Caffeine increases striatal dopamine D2/D3 receptor availability in the human brain

N D Volkow et al. Transl Psychiatry. 2015.

Abstract

Caffeine, the most widely consumed psychoactive substance in the world, is used to promote wakefulness and enhance alertness. Like other wake-promoting drugs (stimulants and modafinil), caffeine enhances dopamine (DA) signaling in the brain, which it does predominantly by antagonizing adenosine A2A receptors (A2AR). However, it is unclear if caffeine, at the doses consumed by humans, increases DA release or whether it modulates the functions of postsynaptic DA receptors through its interaction with adenosine receptors, which modulate them. We used positron emission tomography and [(11)C]raclopride (DA D2/D3 receptor radioligand sensitive to endogenous DA) to assess if caffeine increased DA release in striatum in 20 healthy controls.

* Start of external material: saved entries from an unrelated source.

lemma summable_h2_inner:
  assumes "a \<in> H2" "b \<in> H2" shows "summable (\<lambda>n. a n * cnj (b n))"
proof -
  have bound: "norm (a n * cnj (b n)) \<le> ((cmod (a n))^2 + (cmod (b n))^2) / 2" for n
    using zero_le_power2[of "cmod (a n) - cmod (b n)"]
    by (simp add: norm_mult power2_eq_square algebra_simps)
  have "summable (\<lambda>n. ((cmod (a n))^2 + (cmod (b n))^2) / 2)"
    using assms unfolding H2_iff by (intro summable_divide summable_add)
  then have "summable (\<lambda>n. norm (a n * cnj (b n)))"
    by (rule summable_comparison_test'[where N = 0]) (use bound in simp)
  then show ?thesis by (rule summable_norm_cancel)
qed

lemma h2_inner_add_left:
  assumes "a \<in> H2" "b \<in> H2" "c \<in> H2"
  shows "h2_inner (\<lambda>n. a n + b n) c = h2_inner a c + h2_inner b c"
  unfolding h2_inner_def
  using suminf_add[OF summable_h2_inner[OF assms(1,3)] summable_h2_inner[OF assms(2,3)]]
  by (simp add: algebra_simps)

lemma h2_inner_add_right:
  assumes "a \<in> H2" "b \<in> H2" "c \<in> H2"
  shows "h2_inner a (\<lambda>n. b n + c n) = h2_inner a b + h2_inner a c"
  unfolding h2_inner_def
  using suminf_add[OF summable_h2_inner[OF assms(1,2)] summable_h2_inner[OF assms(1,3)]]
  by (simp add: algebra_simps)

lemma h2_inner_diff_left:
  assumes "a \<in> H2" "b \<in> H2" "c \<in> H2"
  shows "h2_inner (\<lambda>n. a n - b n) c = h2_inner a c - h2_inner b c"
  unfolding h2_inner_def
  using suminf_diff[OF summable_h2_inner[OF assms(1,3)] summable_h2_inner[OF assms(2,3)]]
  by (simp add: algebra_simps)

lemma h2_inner_cmult_left:
  assumes "a \<in> H2" "c \<in> H2"
  shows "h2_inner (\<lambda>n. k * a n) c = k * h2_inner a c"
  unfolding h2_inner_def using suminf_mult[OF summable_h2_inner[OF assms], of k]
  by (simp add: algebra_simps)

lemma h2_inner_cmult_right:
  assumes "a \<in> H2" "c \<in> H2"
  shows "h2_inner a (\<lambda>n. k * c n) = cnj k * h2_inner a c"
  unfolding h2_inner_def using suminf_mult[OF summable_h2_inner[OF assms], of "cnj k"]
  by (simp add: algebra_simps)

lemma h2_inner_commute:
  assumes "a \<in> H2" "b \<in> H2"
  shows "h2_inner b a = cnj (h2_inner a b)"
proof -
  have "(\<lambda>n. cnj (a n * cnj (b n))) sums cnj (h2_inner a b)"
    unfolding h2_inner_def using summable_h2_inner[OF assms] by (intro sums_cnj[THEN iffD2] summable_sums)
  then show ?thesis unfolding h2_inner_def by (simp add: sums_iff mult.commute)
qed

lemma h2_inner_split_head:
  assumes "a \<in> H2" "b \<in> H2"
  shows "h2_inner a b = a 0 * cnj (b 0) + h2_inner (\<lambda>n. a (Suc n)) (\<lambda>n. b (Suc n))"
  unfolding h2_inner_def using suminf_split_head[OF summable_h2_inner[OF assms]] by simp

lemma H2_shift [intro]: "a \<in> H2 \<Longrightarrow> shift a \<in> H2"
  unfolding H2_iff using summable_Suc_iff[of "\<lambda>n. (cmod (shift a n))^2"] by (simp add: shift_def)

lemma h2_inner_shift_left:
  assumes "a \<in> H2" "b \<in> H2"
  shows "h2_inner (shift a) b = h2_inner a (\<lambda>n. b (Suc n))"
  using h2_inner_split_head[OF H2_shift[OF assms(1)] assms(2)] by (simp add: shift_def)

lemma h2_inner_self:
  assumes "a \<in> H2"
  shows "h2_inner a a = of_real ((h2_norm a)^2)"
proof -
  have "summable (\<lambda>n. (cmod (a n))^2)" using assms by (simp add: H2_iff)
  then have "h2_inner a a = of_real (\<Sum>n. (cmod (a n))^2)" and "(\<Sum>n. (cmod (a n))^2) \<ge> 0"
    unfolding h2_inner_def by (simp_all add: suminf_of_real suminf_nonneg flip: complex_norm_square)
  then show ?thesis unfolding h2_norm_def by simp
qed

section \<open>Kernel sequences\<close>

lemma bounded_linear_times_geometric:
  fixes y :: real
  assumes "0 \<le> y" "y < 1"
  obtains B where "\<And>n. real (n + j) * y^n \<le> B"
proof -
  have "(\<lambda>n. of_nat n * y^n) \<longlonglongrightarrow> 0"
    using powser_times_n_limit_0[of y] assms by simp
  then have "Bseq (\<lambda>n. of_nat n * y^n)" by (rule convergent_imp_Bseq[OF convergentI])
  then obtain K where K: "\<And>n. norm (of_nat n * y^n) \<le> K" by (auto simp: Bseq_def)
  have "real (n + j) * y^n \<le> K + real j" for n
  proof -
    have "real j * y^n \<le> real j" using assms by (simp add: mult_left_le power_le_one)
    then show ?thesis using K[of n] assms by (simp add: algebra_simps)
  qed
  then show ?thesis using that by blast
qed

lemma summable_polynomial_times_geometric:
  fixes x :: real
  assumes "0 \<le> x" "x < 1"
  shows "summable (\<lambda>n. real (n + j) ^ k * x^n)"
  using assms
proof (induction k arbitrary: x)
  case 0
  then show ?case by (simp add: summable_geometric)
next
  case (Suc k)
  \<comment> \<open>Split \<open>x^n = y^n * y^n\<close> with \<open>y = sqrt x\<close>: one factor absorbs the extra \<open>n + j\<close>.\<close>
  define y where "y = sqrt x"
  have y: "0 \<le> y" "y < 1" and yy: "x^n = y^n * y^n" for n
    using Suc.prems by (auto simp: y_def power_mult_distrib[symmetric])
  obtain B where B: "\<And>n. real (n + j) * y^n \<le> B" using bounded_linear_times_geometric[OF y] by blast
  have "summable (\<lambda>n. B * (real (n + j) ^ k * y^n))"
    using Suc.IH[OF y] by (rule summable_mult)
  then show ?case
  proof (rule summable_comparison_test'[where N = 0])
    fix n
    have "real (n + j) ^ Suc k * x^n = (real (n + j) ^ k * y^n) * (real (n + j) * y^n)"
      unfolding yy by (simp add: algebra_simps)
    also have "\<dots> \<le> (real (n + j) ^ k * y^n) * B"
      by (rule mult_left_mono[OF B]) (use y in simp)
    finally show "norm (real (n + j) ^ Suc k * x^n) \<le> B * (real (n + j) ^ k * y^n)"
      using Suc.prems by (simp add: algebra_simps)
  qed
qed

text \<open>Taylor coefficients of \<open>z^j / (1 - cnj a * z)^(j+1)\<close>.\<close>
definition kernel_seq :: "complex \<Rightarrow> nat \<Rightarrow> nat \<Rightarrow> complex" where
  "kernel_seq a j n = of_nat (n choose j) * cnj a ^ (n - j)"

lemma kernel_seq_0 [simp]: "kernel_seq a 0 n = cnj a ^ n"
  by (simp add: kernel_seq_def)

lemma kernel_seq_at_0: "kernel_seq a j 0 = (if j = 0 then 1 else 0)"
  by (simp add: kernel_seq_def)

lemma kernel_seq_Suc_Suc:
  "kernel_seq a (Suc j) (Suc n) = cnj a * kernel_seq a (Suc j) n + kernel_seq a j n"
proof (cases "Suc j \<le> n")
  case True
  then have "cnj a ^ (n - j) = cnj a * cnj a ^ (n - Suc j)"
    by (metis Suc_diff_Suc Suc_le_lessD power_Suc)
  then show ?thesis by (simp add: kernel_seq_def algebra_simps)
qed (simp add: kernel_seq_def algebra_simps)

lemma kernel_seq_in_H2:
  assumes "cmod a < 1"
  shows "kernel_seq a j \<in> H2"
proof -
  define x where "x = (cmod a)^2"
  have x: "0 \<le> x" "x < 1" using assms by (auto simp: x_def abs_square_less_1)
  have "summable (\<lambda>n. (cmod (kernel_seq a j (n + j)))^2)"
  proof (rule summable_comparison_test'[OF summable_polynomial_times_geometric[OF x, of j "2*j"], where N = 0])
    fix n
    have "real ((n + j) choose j) \<le> real (n + j) ^ j"
      by (metis binomial_le_pow le_add2 of_nat_le_iff of_nat_power)
    then have "real ((n + j) choose j) ^ 2 \<le> real (n + j) ^ (2*j)"
      by (metis power_mono power_mult mult.commute of_nat_0_le_iff)
    then have "real ((n + j) choose j) ^ 2 * x^n \<le> real (n + j) ^ (2*j) * x^n"
      by (rule mult_right_mono) (use x in simp)
    then show "norm ((cmod (kernel_seq a j (n + j)))^2) \<le> real (n + j) ^ (2*j) * x^n"
      by (simp add: kernel_seq_def norm_mult norm_power x_def power_mult_distrib mult.commute flip: power_mult)
  qed
  then show ?thesis unfolding H2_iff by (rule summable_iff_shift[THEN iffD1])
qed

text \<open>Coefficients of \<open>((1 - cnj a * z) F(z) - F(0)) / z\<close>; it lowers \<open>j\<close> in \<open>kernel_seq a j\<close>.\<close>
definition twisted_diff :: "complex \<Rightarrow> (nat \<Rightarrow> complex) \<Rightarrow> nat \<Rightarrow> complex" where
  "twisted_diff a f n = f (Suc n) - cnj a * f n"

lemma twisted_diff_kernel_seq_0: "twisted_diff a (kernel_seq a 0) = (\<lambda>n. 0)"
  by (simp add: twisted_diff_def fun_eq_iff)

Caffeine (300 mg p.o.) significantly increased the availability of D2/D3 receptors in putamen and ventral striatum, but not in caudate, when compared with placebo. In addition, caffeine-induced increases in D2/D3 receptor availability in the ventral striatum were associated with caffeine-induced increases in alertness. Our findings indicate that in the human brain, caffeine, at doses typically consumed, increases the availability of DA D2/D3 receptors, which indicates that caffeine does not increase DA in the striatum for this would have decreased D2/D3 receptor availability. Instead, we interpret our findings to reflect an increase in D2/D3 receptor levels in striatum with caffeine (or changes in affinity). The association between increases in D2/D3 receptor availability in ventral striatum and alertness suggests that caffeine might enhance arousal, in part, by upregulating D2/D3 receptors.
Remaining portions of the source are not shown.